→ Task statement: For the entries below, report the number of lines containing "shiftU", without any other content.

→ Information given:
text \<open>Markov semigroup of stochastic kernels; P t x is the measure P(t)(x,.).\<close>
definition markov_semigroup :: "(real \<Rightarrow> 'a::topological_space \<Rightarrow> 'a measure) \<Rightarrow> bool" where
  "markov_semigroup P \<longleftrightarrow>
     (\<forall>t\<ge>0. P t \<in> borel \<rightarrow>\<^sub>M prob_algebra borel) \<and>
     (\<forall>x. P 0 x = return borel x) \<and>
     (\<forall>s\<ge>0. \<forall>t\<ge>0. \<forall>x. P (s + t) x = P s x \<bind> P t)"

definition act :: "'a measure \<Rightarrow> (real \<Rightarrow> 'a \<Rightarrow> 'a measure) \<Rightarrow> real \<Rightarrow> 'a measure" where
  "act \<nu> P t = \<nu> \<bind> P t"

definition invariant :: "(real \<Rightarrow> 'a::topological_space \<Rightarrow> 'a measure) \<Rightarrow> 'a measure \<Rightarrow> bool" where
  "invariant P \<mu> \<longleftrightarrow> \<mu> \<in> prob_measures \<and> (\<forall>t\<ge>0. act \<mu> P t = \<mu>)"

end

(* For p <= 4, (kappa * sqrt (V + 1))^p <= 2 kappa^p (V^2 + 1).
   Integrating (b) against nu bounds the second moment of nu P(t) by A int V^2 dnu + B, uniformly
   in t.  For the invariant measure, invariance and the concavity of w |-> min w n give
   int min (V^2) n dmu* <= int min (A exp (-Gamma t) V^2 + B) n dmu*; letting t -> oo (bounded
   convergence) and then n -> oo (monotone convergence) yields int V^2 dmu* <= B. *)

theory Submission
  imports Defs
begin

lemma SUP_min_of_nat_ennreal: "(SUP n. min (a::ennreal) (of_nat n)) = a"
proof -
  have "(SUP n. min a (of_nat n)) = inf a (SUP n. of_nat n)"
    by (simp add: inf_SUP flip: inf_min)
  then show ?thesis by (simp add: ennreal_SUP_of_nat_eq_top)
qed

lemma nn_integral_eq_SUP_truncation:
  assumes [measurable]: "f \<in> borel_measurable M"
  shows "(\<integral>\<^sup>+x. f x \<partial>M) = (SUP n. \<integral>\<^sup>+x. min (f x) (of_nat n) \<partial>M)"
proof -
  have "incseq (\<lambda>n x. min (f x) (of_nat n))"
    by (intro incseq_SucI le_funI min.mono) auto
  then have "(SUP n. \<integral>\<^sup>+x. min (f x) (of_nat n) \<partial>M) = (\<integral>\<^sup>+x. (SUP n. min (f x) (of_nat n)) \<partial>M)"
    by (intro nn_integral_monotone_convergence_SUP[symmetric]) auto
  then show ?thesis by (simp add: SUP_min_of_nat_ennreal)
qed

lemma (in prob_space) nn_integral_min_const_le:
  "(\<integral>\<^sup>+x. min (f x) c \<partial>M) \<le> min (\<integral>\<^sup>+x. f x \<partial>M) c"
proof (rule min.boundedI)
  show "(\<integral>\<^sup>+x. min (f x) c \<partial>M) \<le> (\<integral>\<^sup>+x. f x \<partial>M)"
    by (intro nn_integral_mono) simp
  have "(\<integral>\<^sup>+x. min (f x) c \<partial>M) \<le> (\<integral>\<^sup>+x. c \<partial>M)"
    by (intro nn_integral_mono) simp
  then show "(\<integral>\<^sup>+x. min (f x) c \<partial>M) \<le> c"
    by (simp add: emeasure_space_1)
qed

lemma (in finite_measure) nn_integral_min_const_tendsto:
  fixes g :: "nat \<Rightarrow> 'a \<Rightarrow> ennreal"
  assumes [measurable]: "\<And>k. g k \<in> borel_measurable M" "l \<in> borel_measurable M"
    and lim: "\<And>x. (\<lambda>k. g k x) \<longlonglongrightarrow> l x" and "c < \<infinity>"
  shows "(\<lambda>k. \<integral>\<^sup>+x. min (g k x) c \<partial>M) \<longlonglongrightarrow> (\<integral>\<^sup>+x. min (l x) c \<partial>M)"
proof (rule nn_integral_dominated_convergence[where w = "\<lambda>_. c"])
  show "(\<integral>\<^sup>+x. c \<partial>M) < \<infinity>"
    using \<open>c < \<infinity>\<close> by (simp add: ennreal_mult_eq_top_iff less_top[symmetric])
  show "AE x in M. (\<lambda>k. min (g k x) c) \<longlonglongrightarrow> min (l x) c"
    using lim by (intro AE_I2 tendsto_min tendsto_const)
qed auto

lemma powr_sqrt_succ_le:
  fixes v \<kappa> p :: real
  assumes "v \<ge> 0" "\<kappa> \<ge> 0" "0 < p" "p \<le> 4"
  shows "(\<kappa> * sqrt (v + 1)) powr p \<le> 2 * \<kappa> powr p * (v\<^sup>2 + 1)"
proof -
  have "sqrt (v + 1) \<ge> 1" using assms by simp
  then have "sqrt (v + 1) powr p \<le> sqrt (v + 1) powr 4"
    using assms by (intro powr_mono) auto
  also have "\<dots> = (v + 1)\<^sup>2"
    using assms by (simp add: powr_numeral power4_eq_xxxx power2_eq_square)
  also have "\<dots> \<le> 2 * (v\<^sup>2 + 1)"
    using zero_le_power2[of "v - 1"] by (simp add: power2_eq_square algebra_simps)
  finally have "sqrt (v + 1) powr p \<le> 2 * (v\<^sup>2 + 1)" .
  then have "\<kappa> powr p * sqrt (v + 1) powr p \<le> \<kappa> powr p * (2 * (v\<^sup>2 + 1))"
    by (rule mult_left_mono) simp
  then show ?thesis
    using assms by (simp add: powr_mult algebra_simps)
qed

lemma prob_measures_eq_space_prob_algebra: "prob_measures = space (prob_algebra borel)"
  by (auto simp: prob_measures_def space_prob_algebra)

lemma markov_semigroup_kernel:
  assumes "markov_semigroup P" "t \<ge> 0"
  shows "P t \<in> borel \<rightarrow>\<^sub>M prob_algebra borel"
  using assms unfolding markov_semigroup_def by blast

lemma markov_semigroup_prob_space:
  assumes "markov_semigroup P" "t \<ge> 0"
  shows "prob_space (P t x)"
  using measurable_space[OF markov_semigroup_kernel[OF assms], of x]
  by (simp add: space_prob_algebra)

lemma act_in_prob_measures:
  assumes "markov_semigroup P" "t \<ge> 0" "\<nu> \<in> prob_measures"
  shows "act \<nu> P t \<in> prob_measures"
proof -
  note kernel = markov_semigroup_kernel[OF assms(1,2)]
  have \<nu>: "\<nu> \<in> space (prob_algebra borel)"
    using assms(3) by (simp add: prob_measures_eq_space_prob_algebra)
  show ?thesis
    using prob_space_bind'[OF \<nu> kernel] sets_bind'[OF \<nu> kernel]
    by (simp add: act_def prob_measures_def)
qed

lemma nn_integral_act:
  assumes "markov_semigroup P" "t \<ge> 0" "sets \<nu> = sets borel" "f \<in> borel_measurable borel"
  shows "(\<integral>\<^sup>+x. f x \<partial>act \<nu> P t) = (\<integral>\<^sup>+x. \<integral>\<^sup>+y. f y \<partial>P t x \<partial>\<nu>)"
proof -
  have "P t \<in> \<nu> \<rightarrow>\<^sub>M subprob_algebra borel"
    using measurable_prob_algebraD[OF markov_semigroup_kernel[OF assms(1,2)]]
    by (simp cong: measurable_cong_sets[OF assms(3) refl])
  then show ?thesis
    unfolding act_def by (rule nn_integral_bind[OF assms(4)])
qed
* * *
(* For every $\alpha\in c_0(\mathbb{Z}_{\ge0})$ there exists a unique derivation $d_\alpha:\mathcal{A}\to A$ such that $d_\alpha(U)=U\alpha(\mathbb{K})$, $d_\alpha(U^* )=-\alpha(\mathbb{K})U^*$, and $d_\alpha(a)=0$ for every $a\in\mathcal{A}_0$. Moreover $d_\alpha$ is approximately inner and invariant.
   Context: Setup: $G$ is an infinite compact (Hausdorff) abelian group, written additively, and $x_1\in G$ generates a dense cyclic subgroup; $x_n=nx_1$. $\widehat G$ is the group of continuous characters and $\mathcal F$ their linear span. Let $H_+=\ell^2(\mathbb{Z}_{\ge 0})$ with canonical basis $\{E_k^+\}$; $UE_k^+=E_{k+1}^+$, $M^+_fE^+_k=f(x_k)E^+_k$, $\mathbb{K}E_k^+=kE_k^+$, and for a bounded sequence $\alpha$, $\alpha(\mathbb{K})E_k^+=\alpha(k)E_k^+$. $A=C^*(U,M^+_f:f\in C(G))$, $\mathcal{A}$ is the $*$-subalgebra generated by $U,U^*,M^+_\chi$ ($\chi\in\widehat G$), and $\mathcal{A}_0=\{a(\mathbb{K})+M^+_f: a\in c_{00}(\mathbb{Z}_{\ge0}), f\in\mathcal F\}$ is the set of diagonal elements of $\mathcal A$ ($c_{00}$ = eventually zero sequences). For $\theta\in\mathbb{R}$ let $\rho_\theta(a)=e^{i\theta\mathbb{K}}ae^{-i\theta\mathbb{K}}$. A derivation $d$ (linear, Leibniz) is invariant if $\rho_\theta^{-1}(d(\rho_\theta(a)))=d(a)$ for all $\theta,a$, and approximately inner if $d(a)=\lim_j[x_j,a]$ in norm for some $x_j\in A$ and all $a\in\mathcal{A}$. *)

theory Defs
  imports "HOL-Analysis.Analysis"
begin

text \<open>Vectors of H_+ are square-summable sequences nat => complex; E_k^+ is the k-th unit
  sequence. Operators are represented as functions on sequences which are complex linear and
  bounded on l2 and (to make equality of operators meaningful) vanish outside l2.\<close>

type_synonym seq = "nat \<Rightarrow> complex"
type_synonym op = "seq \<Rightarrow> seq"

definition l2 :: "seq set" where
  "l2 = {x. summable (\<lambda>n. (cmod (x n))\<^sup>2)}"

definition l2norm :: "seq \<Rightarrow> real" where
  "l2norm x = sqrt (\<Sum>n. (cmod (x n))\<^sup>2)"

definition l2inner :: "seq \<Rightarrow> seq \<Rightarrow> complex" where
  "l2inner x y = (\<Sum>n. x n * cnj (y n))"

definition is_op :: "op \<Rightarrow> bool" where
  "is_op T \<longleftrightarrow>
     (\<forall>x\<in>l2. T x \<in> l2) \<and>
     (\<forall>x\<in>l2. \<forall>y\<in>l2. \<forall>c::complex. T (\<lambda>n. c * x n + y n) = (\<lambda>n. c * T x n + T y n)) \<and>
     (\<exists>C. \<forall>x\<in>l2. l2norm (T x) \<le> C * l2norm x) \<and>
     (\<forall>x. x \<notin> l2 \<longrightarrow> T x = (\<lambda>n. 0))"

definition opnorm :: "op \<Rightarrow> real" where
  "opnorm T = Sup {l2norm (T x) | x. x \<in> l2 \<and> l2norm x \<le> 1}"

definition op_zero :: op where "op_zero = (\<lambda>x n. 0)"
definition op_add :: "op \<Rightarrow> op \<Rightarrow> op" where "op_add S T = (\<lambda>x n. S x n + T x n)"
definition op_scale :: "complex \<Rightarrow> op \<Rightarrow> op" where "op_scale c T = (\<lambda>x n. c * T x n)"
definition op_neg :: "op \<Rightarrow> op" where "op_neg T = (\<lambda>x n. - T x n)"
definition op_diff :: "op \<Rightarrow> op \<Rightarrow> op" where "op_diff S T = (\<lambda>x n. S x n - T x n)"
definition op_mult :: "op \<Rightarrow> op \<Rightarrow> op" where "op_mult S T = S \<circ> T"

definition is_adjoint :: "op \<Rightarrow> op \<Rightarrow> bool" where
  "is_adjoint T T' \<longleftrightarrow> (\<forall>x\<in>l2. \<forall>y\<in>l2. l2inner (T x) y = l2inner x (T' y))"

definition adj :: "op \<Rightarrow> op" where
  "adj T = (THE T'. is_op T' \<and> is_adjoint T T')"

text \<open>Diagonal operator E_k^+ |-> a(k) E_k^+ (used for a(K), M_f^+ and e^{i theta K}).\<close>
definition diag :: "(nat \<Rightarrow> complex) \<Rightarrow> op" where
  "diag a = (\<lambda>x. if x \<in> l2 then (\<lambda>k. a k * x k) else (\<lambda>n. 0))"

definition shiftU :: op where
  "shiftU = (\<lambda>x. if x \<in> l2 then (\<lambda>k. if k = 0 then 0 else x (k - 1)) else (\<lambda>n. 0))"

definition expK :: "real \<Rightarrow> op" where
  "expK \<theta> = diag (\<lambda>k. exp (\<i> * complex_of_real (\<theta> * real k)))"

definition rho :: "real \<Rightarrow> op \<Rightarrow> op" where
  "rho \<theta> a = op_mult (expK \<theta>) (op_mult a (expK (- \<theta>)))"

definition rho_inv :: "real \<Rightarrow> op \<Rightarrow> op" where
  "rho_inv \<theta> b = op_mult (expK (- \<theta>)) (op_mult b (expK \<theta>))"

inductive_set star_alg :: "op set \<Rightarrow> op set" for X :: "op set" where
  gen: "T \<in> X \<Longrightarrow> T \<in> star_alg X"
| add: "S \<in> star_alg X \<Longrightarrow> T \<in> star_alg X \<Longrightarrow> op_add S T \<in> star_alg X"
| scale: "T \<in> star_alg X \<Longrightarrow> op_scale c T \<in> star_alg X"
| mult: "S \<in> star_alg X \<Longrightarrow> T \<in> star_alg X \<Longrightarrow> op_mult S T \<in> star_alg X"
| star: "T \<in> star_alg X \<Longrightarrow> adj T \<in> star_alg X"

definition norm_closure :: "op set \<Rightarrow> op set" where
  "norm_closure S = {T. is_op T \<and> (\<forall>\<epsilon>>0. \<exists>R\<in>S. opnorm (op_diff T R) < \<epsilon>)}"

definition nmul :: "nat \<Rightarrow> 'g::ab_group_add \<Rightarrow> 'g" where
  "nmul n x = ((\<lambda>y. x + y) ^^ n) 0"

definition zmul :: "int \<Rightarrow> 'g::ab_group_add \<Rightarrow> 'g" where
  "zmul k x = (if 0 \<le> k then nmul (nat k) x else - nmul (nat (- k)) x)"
--
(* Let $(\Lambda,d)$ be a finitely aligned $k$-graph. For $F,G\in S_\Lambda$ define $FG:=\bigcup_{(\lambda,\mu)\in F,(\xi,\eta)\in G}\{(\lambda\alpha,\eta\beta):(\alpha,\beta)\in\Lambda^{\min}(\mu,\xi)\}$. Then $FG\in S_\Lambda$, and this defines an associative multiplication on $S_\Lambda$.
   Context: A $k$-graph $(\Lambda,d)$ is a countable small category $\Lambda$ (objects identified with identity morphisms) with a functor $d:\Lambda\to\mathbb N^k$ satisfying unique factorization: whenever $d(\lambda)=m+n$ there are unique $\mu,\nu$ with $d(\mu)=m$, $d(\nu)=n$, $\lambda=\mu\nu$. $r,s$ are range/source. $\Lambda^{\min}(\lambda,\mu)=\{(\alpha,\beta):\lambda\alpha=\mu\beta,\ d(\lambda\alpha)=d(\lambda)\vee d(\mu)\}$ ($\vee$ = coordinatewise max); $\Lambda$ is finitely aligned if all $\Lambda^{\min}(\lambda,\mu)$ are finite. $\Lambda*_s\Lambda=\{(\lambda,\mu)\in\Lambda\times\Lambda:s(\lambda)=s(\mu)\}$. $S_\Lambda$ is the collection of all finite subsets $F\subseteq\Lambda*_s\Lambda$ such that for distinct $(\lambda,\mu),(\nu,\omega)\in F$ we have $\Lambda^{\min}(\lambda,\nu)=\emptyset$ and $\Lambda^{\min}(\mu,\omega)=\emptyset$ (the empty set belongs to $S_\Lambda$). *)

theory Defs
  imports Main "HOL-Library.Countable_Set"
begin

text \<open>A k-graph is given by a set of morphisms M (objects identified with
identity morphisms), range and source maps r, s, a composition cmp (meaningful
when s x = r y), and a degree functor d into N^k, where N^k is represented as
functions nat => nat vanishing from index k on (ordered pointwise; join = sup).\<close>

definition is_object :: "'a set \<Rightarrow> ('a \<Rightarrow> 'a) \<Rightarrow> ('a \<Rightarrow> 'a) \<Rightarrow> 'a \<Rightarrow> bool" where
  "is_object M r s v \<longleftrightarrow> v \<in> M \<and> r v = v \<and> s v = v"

→ Finished task: 2